弔い

 人間はどうしようもない程避け難く、皆いつか死を迎える。それと同時に永遠にも似た時間を過ごしているような感覚を時折味わう。それは本当に心の底から永遠に続けばいいという、叶わない願いにも似ている。生まれも育ちも違う人間同士が、何かの縁で出会って人生が交錯していく。ある人は誰かと道が重なり、またある人は点として一旦重なるけど、その後は別々の方向に線が伸び続けていく。そして生きている時間を実線として表すのなら、誰しもいつかその線がどこかで終わりを迎える。

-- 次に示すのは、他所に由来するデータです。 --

(* Let $d\geq 2$ and let $u,v\in\mathcal M_d$ with $u\geq_{lex}v$ and $x_1\mid u$ be such that $I=(\mathcal L(u,v))\subset S$ is a completely lexsegment ideal which is not an initial lexsegment ideal. Let $j$ be the exponent of $x_n$ in $v$ and let $a=|\mathcal M_d\setminus\mathcal L^i(u)|$. Then $I$ is a Gotzmann ideal if and only if $$a\geq \binom{n+d-1}{d}-(j+1).$$
   Context: $k$ is a field, $S=k[x_1,\ldots,x_n]$ standard graded. $\mathcal M_d$ is the set of monomials of degree $d$ in $S$, ordered lexicographically with $x_1>\cdots>x_n$; $|\mathcal M_d|=\binom{n+d-1}{d}$. For $u\geq_{lex}v$ in $\mathcal M_d$, $\mathcal L(u,v)=\{w\in\mathcal M_d: u\geq_{lex}w\geq_{lex}v\}$ and $\mathcal L^i(v)=\{w\in\mathcal M_d: w\geq_{lex} v\}$ (initial lexsegment); an initial lexsegment ideal is an ideal generated by some $\mathcal L^i(v)$. For a set $\mathcal L\subset\mathcal M_d$, its shadow is $\mathrm{Shad}(\mathcal L)=\{x_iw: w\in\mathcal L, 1\le i\le n\}\subset\mathcal M_{d+1}$, and iterated shadows are defined recursively. A lexsegment $\mathcal L$ is completely lexsegment if all its iterated shadows are lexsegments (of the corresponding degrees); $(\mathcal L)$ is then called a completely lexsegment ideal. A graded ideal $I$ generated in degree $d$ is Gotzmann if the number of minimal generators of $\mathfrak m I$ (i.e. $\dim_k I_{d+1}$, $\mathfrak m=(x_1,\ldots,x_n)$) equals $|\mathrm{Shad}(\mathcal L)|$, where $\mathcal L$ is the initial lexsegment of $\mathcal M_d$ with $|\mathcal L|=\dim_k I_d$; equivalently, $I$ and the ideal generated by $\mathcal L$ have the same Hilbert function. *)

theory Defs
  imports Main
begin

text \<open>Monomials in k[x_1,...,x_n] are represented by exponent vectors
  f :: nat \<Rightarrow> nat, where f (i-1) is the exponent of x_i (indices 0..n-1),
  and f i = 0 for i \<ge> n.\<close>

definition mons :: "nat \<Rightarrow> nat \<Rightarrow> (nat \<Rightarrow> nat) set" where
  "mons n d = {f. (\<forall>i\<ge>n. f i = 0) \<and> (\<Sum>i<n. f i) = d}"

definition lex_gt :: "nat \<Rightarrow> (nat \<Rightarrow> nat) \<Rightarrow> (nat \<Rightarrow> nat) \<Rightarrow> bool" where
  "lex_gt n u v = (\<exists>i<n. u i > v i \<and> (\<forall>k<i. u k = v k))"

definition lex_ge :: "nat \<Rightarrow> (nat \<Rightarrow> nat) \<Rightarrow> (nat \<Rightarrow> nat) \<Rightarrow> bool" where
  "lex_ge n u v = (u = v \<or> lex_gt n u v)"

definition lexseg :: "nat \<Rightarrow> nat \<Rightarrow> (nat \<Rightarrow> nat) \<Rightarrow> (nat \<Rightarrow> nat) \<Rightarrow> (nat \<Rightarrow> nat) set" where
  "lexseg n d u v = {w \<in> mons n d. lex_ge n u w \<and> lex_ge n w v}"

definition init_lexseg :: "nat \<Rightarrow> nat \<Rightarrow> (nat \<Rightarrow> nat) \<Rightarrow> (nat \<Rightarrow> nat) set" where
  "init_lexseg n d v = {w \<in> mons n d. lex_ge n w v}"

definition shad :: "nat \<Rightarrow> (nat \<Rightarrow> nat) set \<Rightarrow> (nat \<Rightarrow> nat) set" where
  "shad n L = {(\<lambda>k. w k + (if k = i then 1 else 0)) | w i. w \<in> L \<and> i < n}"

definition is_lexsegment :: "nat \<Rightarrow> nat \<Rightarrow> (nat \<Rightarrow> nat) set \<Rightarrow> bool" where
  "is_lexsegment n d A = (\<exists>u v. u \<in> mons n d \<and> v \<in> mons n d \<and> lex_ge n u v \<and> A = lexseg n d u v)"

definition completely_lexseg :: "nat \<Rightarrow> nat \<Rightarrow> (nat \<Rightarrow> nat) set \<Rightarrow> bool" where
  "completely_lexseg n d L = (\<forall>k. is_lexsegment n (d + k) ((shad n ^^ k) L))"

text \<open>The ideal generated by a set G of degree-d monomials is an initial lexsegment
  ideal iff G is an initial lexsegment (a monomial ideal generated in a single degree
  determines its minimal monomial generating set).\<close>
definition is_init_lexseg_set :: "nat \<Rightarrow> nat \<Rightarrow> (nat \<Rightarrow> nat) set \<Rightarrow> bool" where
  "is_init_lexseg_set n d G = (\<exists>w \<in> mons n d. G = init_lexseg n d w)"

text \<open>Gotzmann property for the monomial ideal (G) generated in degree d:
  dim_k I_(d+1) = |Shad G| (the monomials of degree d+1 in I form a k-basis of I_(d+1))
  equals |Shad L| for the initial lexsegment L of M_d with |L| = |G|.\<close>
definition gotzmann_monideal :: "nat \<Rightarrow> nat \<Rightarrow> (nat \<Rightarrow> nat) set \<Rightarrow> bool" where
  "gotzmann_monideal n d G =
     (\<exists>w \<in> mons n d. card (init_lexseg n d w) = card G \<and>
        card (shad n G) = card (shad n (init_lexseg n d w)))"

end

theory Submission
  imports Defs
begin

 長く一緒にいればいる程、それが当たり前になって疑うことも無くなって、一緒に過ごす時間がいつまでも続くような錯覚に陥る。本当は心の奥底で分かっていても、考え出すと不安になるから敢えてその気持ちには蓋をしてしまいたくなる。いつでも会える距離ではないのに、いつでも会えるような気がしていた。話したいことがたくさんあったかもしれない。でも普段は無口なあの人が、自分からあれこれと喋って話が尽きないなんて状況は考えられない。言葉はただの記号で、伝えたいことは大抵の場合うまく言葉にならない。

 寸分違わず隣で一緒に歩き続けたわけではない。だから知らないこともたくさんあるかもしれない。でも過去には寄り掛かっては生きられない。時間は進み続けていて、進めば進む程過去は遠ざかっていくから。足を踏み出せるのは今で、踏み出す方向は未来でしかない。いつまでも連れ添っては歩けないかもしれないが、一緒に過ごした時間は思い出として蘇る。網膜を通すよりも鮮やかに映って、時折襲いくる心の空白を埋めてくれる。それは決して過去に生きるという後ろ向きな態度ではなく、明日への力強い一歩の一助となるから。

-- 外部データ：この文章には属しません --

(* Let $\lambda_2,\lambda_3,\lambda_8,\lambda_9$ and $\mathfrak{k}_1=\mathrm{span}_{\mathbb{R}}(\lambda_1,\lambda_2,\lambda_3)$, $\mathfrak{k}_2=\mathrm{span}_{\mathbb{R}}(\lambda_8,\lambda_9,\lambda_{10})$ be as in the context, and let $\hat K:=\langle e^{\mathfrak{k}_1}\rangle\times\langle e^{\mathfrak{k}_2}\rangle$ (each factor isomorphic to $SU(2)$). Put $K_1=\{e^{x\lambda_3}:x\in[0,\pi]\}$, $A_1=\{e^{x\lambda_2}:x\in[0,\frac{\pi}{2}]\}$, $K_1'=\{e^{x\lambda_3}:x\in[0,2\pi]\}$, $K_2=\{e^{x\lambda_8}:x\in[0,\pi]\}$, $A_2=\{e^{x\lambda_9}:x\in[0,\frac{\pi}{2}]\}$, $K_2'=\{e^{x\lambda_8}:x\in[0,2\pi]\}$. Then, up to a measure zero set, $\hat K\simeq K_1A_1K_1'\times K_2A_2K_2'$ as manifolds; that is, the map $(\phi_1,\psi_1,\omega_1,\phi_2,\psi_2,\omega_2)\mapsto(e^{\phi_1\lambda_3}e^{\psi_1\lambda_2}e^{\omega_1\lambda_3},\,e^{\phi_2\lambda_8}e^{\psi_2\lambda_9}e^{\omega_2\lambda_8})$ from $[0,\pi]\times[0,\frac{\pi}{2}]\times[0,2\pi]\times[0,\pi]\times[0,\frac{\pi}{2}]\times[0,2\pi]$ to $\hat K$ is a diffeomorphism up to a set of measure zero.
   Context: Let $A_{ab}$ ($1\le a,b\le 7$) denote the $7\times7$ real matrix with $+1$ in entry $(a,b)$, $-1$ in entry $(b,a)$ and zeros elsewhere. Define $\lambda_1=-A_{47}-A_{56}$, $\lambda_2=A_{46}-A_{57}$, $\lambda_3=-A_{45}-A_{67}$, $\lambda_8=-2A_{23}+A_{45}-A_{67}$, $\lambda_9=-2A_{12}+A_{47}-A_{56}$, $\lambda_{10}=-2A_{13}-A_{46}-A_{57}$. Here $\langle e^{\mathfrak{k}_i}\rangle$ denotes the subgroup of $GL(7,\mathbb{R})$ generated by $\exp(\mathfrak{k}_i)$. *)

theory Defs
  imports "HOL-Analysis.Analysis" "HOL-Library.Numeral_Type"
begin

type_synonym mat7 = "real^7^7"

text \<open>A_ab: +1 at entry (a,b), -1 at entry (b,a); indices 1..7 embedded into the
  index type 7 via of_nat (injective on 1..7).\<close>
definition Aab :: "nat \<Rightarrow> nat \<Rightarrow> mat7" where
  "Aab a b = (\<chi> i j. (if i = of_nat a \<and> j = of_nat b then 1 else 0)
                    - (if i = of_nat b \<and> j = of_nat a then 1 else 0))"

definition lam1 :: mat7 where "lam1 = - Aab 4 7 - Aab 5 6"
definition lam2 :: mat7 where "lam2 = Aab 4 6 - Aab 5 7"
definition lam3 :: mat7 where "lam3 = - Aab 4 5 - Aab 6 7"
definition lam8 :: mat7 where "lam8 = - 2 *\<^sub>R Aab 2 3 + Aab 4 5 - Aab 6 7"
definition lam9 :: mat7 where "lam9 = - 2 *\<^sub>R Aab 1 2 + Aab 4 7 - Aab 5 6"
definition lam10 :: mat7 where "lam10 = - 2 *\<^sub>R Aab 1 3 - Aab 4 6 - Aab 5 7"

fun mpow :: "mat7 \<Rightarrow> nat \<Rightarrow> mat7" where
  "mpow M 0 = mat 1"
| "mpow M (Suc n) = M ** mpow M n"

definition mexp :: "mat7 \<Rightarrow> mat7" where
  "mexp M = (\<Sum>n. (1 / fact n) *\<^sub>R mpow M n)"

definition k1 :: "mat7 set" where "k1 = span {lam1, lam2, lam3}"
definition k2 :: "mat7 set" where "k2 = span {lam8, lam9, lam10}"

inductive_set gen_group :: "mat7 set \<Rightarrow> mat7 set" for S where
  gen_one: "mat 1 \<in> gen_group S"
| gen_mul: "s \<in> S \<Longrightarrow> g \<in> gen_group S \<Longrightarrow> s ** g \<in> gen_group S"
| gen_inv: "s \<in> S \<Longrightarrow> g \<in> gen_group S \<Longrightarrow> matrix_inv s ** g \<in> gen_group S"

definition Khat :: "(mat7 \<times> mat7) set" where
  "Khat = gen_group (mexp ` k1) \<times> gen_group (mexp ` k2)"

 青春には、良いこともそうでないこともたくさん詰まっている。外が少しずつ暖かくなって、雪で固められていた土もほぐれていく。水が大地に染み込み、冬の間じっと耐え続けていたもの達を潤す。太陽の光は優しく照らし、生き物は温もりを取り戻していく。夏にはまだ早い早春。勇足で飛び出して手痛い思いをすることもあるだろう。ぶり返した冷たい風に首を竦めながら歩いたんだろう。ずっと良いわけでもなく、ずっと悪いわけでもない。ただ人間が拙かっただけだ。向かうべき道すらも分からず、手当たり次第に触って傷付けていた。一番傷付いていたのは自分だとも知らずに。

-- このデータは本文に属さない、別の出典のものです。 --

lemma sum_swap_distrib_right:
  "(\<Sum>\<delta>\<in>D. (\<Sum>\<alpha>\<in>A. \<Sum>\<beta>\<in>B. \<Sum>\<gamma>\<in>L \<alpha>. f \<alpha> \<beta> \<gamma> \<delta>) * (g \<delta> :: 'a::comm_ring_1))
    = (\<Sum>\<alpha>\<in>A. \<Sum>\<beta>\<in>B. \<Sum>\<gamma>\<in>L \<alpha>. \<Sum>\<delta>\<in>D. f \<alpha> \<beta> \<gamma> \<delta> * g \<delta>)"
proof -
  have "(\<Sum>\<delta>\<in>D. (\<Sum>\<alpha>\<in>A. \<Sum>\<beta>\<in>B. \<Sum>\<gamma>\<in>L \<alpha>. f \<alpha> \<beta> \<gamma> \<delta>) * g \<delta>)
     = (\<Sum>\<delta>\<in>D. \<Sum>\<alpha>\<in>A. \<Sum>\<beta>\<in>B. \<Sum>\<gamma>\<in>L \<alpha>. f \<alpha> \<beta> \<gamma> \<delta> * g \<delta>)"
    by (simp only: sum_distrib_right)
  also have "\<dots> = (\<Sum>\<alpha>\<in>A. \<Sum>\<delta>\<in>D. \<Sum>\<beta>\<in>B. \<Sum>\<gamma>\<in>L \<alpha>. f \<alpha> \<beta> \<gamma> \<delta> * g \<delta>)"
    by (rule sum.swap)
  also have "\<dots> = (\<Sum>\<alpha>\<in>A. \<Sum>\<beta>\<in>B. \<Sum>\<delta>\<in>D. \<Sum>\<gamma>\<in>L \<alpha>. f \<alpha> \<beta> \<gamma> \<delta> * g \<delta>)"
    by (rule sum.cong[OF refl], rule sum.swap)
  also have "\<dots> = (\<Sum>\<alpha>\<in>A. \<Sum>\<beta>\<in>B. \<Sum>\<gamma>\<in>L \<alpha>. \<Sum>\<delta>\<in>D. f \<alpha> \<beta> \<gamma> \<delta> * g \<delta>)"
    by (rule sum.cong[OF refl], rule sum.cong[OF refl], rule sum.swap)
  finally show ?thesis .
qed

lemma dop_act_comp:
  assumes "finite (dsupp P)" "finite (dsupp (Q::('n::finite) dop))"
  shows "dop_act (dop_comp P Q) a = dop_act P (dop_act Q a)"
proof -
  define D where "D = dop_comp_support P Q"
  have fD: "finite D" using finite_dop_comp_support[OF assms] by (simp add: D_def)
  have "dop_act (dop_comp P Q) a = (\<Sum>\<delta>\<in>D. Ps (dop_comp P Q \<delta>) * pdm \<delta> a)"
    by (rule dop_act_superset[OF fD]) (simp add: D_def dsupp_dop_comp)
  also have "\<dots> = (\<Sum>\<alpha>\<in>dsupp P. \<Sum>\<beta>\<in>dsupp Q. \<Sum>\<gamma>\<in>le_set \<alpha>. \<Sum>\<delta>\<in>D.
      (if madd (msub \<alpha> \<gamma>) \<beta> = \<delta> then of_nat (mchoose \<alpha> \<gamma>) * Ps (P \<alpha>) * pdm \<gamma> (Ps (Q \<beta>)) else 0) * pdm \<delta> a)"
    unfolding Ps_dop_comp by (rule sum_swap_distrib_right)
  also have "\<dots> = (\<Sum>\<alpha>\<in>dsupp P. \<Sum>\<beta>\<in>dsupp Q. \<Sum>\<gamma>\<in>le_set \<alpha>.
      of_nat (mchoose \<alpha> \<gamma>) * Ps (P \<alpha>) * pdm \<gamma> (Ps (Q \<beta>)) * pdm (madd (msub \<alpha> \<gamma>) \<beta>) a)"
  proof (intro sum.cong[OF refl])
    fix \<alpha> \<beta> \<gamma> assume "\<alpha> \<in> dsupp P" "\<beta> \<in> dsupp Q" "\<gamma> \<in> le_set \<alpha>"
    then have "madd (msub \<alpha> \<gamma>) \<beta> \<in> D" unfolding D_def dop_comp_support_def
      by (intro image_eqI[where x="(\<alpha>,\<beta>,\<gamma>)"]) auto
    then show "(\<Sum>\<delta>\<in>D. (if madd (msub \<alpha> \<gamma>) \<beta> = \<delta> then of_nat (mchoose \<alpha> \<gamma>) * Ps (P \<alpha>) * pdm \<gamma> (Ps (Q \<beta>)) else 0) * pdm \<delta> a)
        = of_nat (mchoose \<alpha> \<gamma>) * Ps (P \<alpha>) * pdm \<gamma> (Ps (Q \<beta>)) * pdm (madd (msub \<alpha> \<gamma>) \<beta>) a"
      using fD by (simp add: if_distrib[of "\<lambda>x. x * _"] sum.delta cong: if_cong)
  qed
  also have "\<dots> = dop_act P (dop_act Q a)"
  proof -
    have "dop_act P (dop_act Q a) = (\<Sum>\<alpha>\<in>dsupp P. \<Sum>\<beta>\<in>dsupp Q. Ps (P \<alpha>) * pdm \<alpha> (Ps (Q \<beta>) * pdm \<beta> a))"
      unfolding dop_act_def by (simp only: pdm_sum sum_distrib_left)
    also have "\<dots> = (\<Sum>\<alpha>\<in>dsupp P. \<Sum>\<beta>\<in>dsupp Q. \<Sum>\<gamma>\<in>le_set \<alpha>. Ps (P \<alpha>) *
        (of_nat (mchoose \<alpha> \<gamma>) * pdm \<gamma> (Ps (Q \<beta>)) * pdm (msub \<alpha> \<gamma>) (pdm \<beta> a)))"
      by (simp only: pdm_mult_leibniz sum_distrib_left)
    also have "\<dots> = (\<Sum>\<alpha>\<in>dsupp P. \<Sum>\<beta>\<in>dsupp Q. \<Sum>\<gamma>\<in>le_set \<alpha>.
      of_nat (mchoose \<alpha> \<gamma>) * Ps (P \<alpha>) * pdm \<gamma> (Ps (Q \<beta>)) * pdm (madd (msub \<alpha> \<gamma>) \<beta>) a)"
      by (intro sum.cong refl) (simp add: pdm_pdm madd_def msub_def mult_ac)
    finally show ?thesis by simp
  qed
  finally show ?thesis .
qed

 言葉だけでは余りにも頼りない。言葉にならないのなら、静かに目を閉じて思い出す。四六時中でなくてもいい。忘れないということこそが最高の弔いではないか。人間は忘れていく生き物だとしても、せめて自分の中だけではいつまでも抗って記憶と感情に繋ぎ止めておこう。言葉にならない祈りが、必ず届いていると信じて。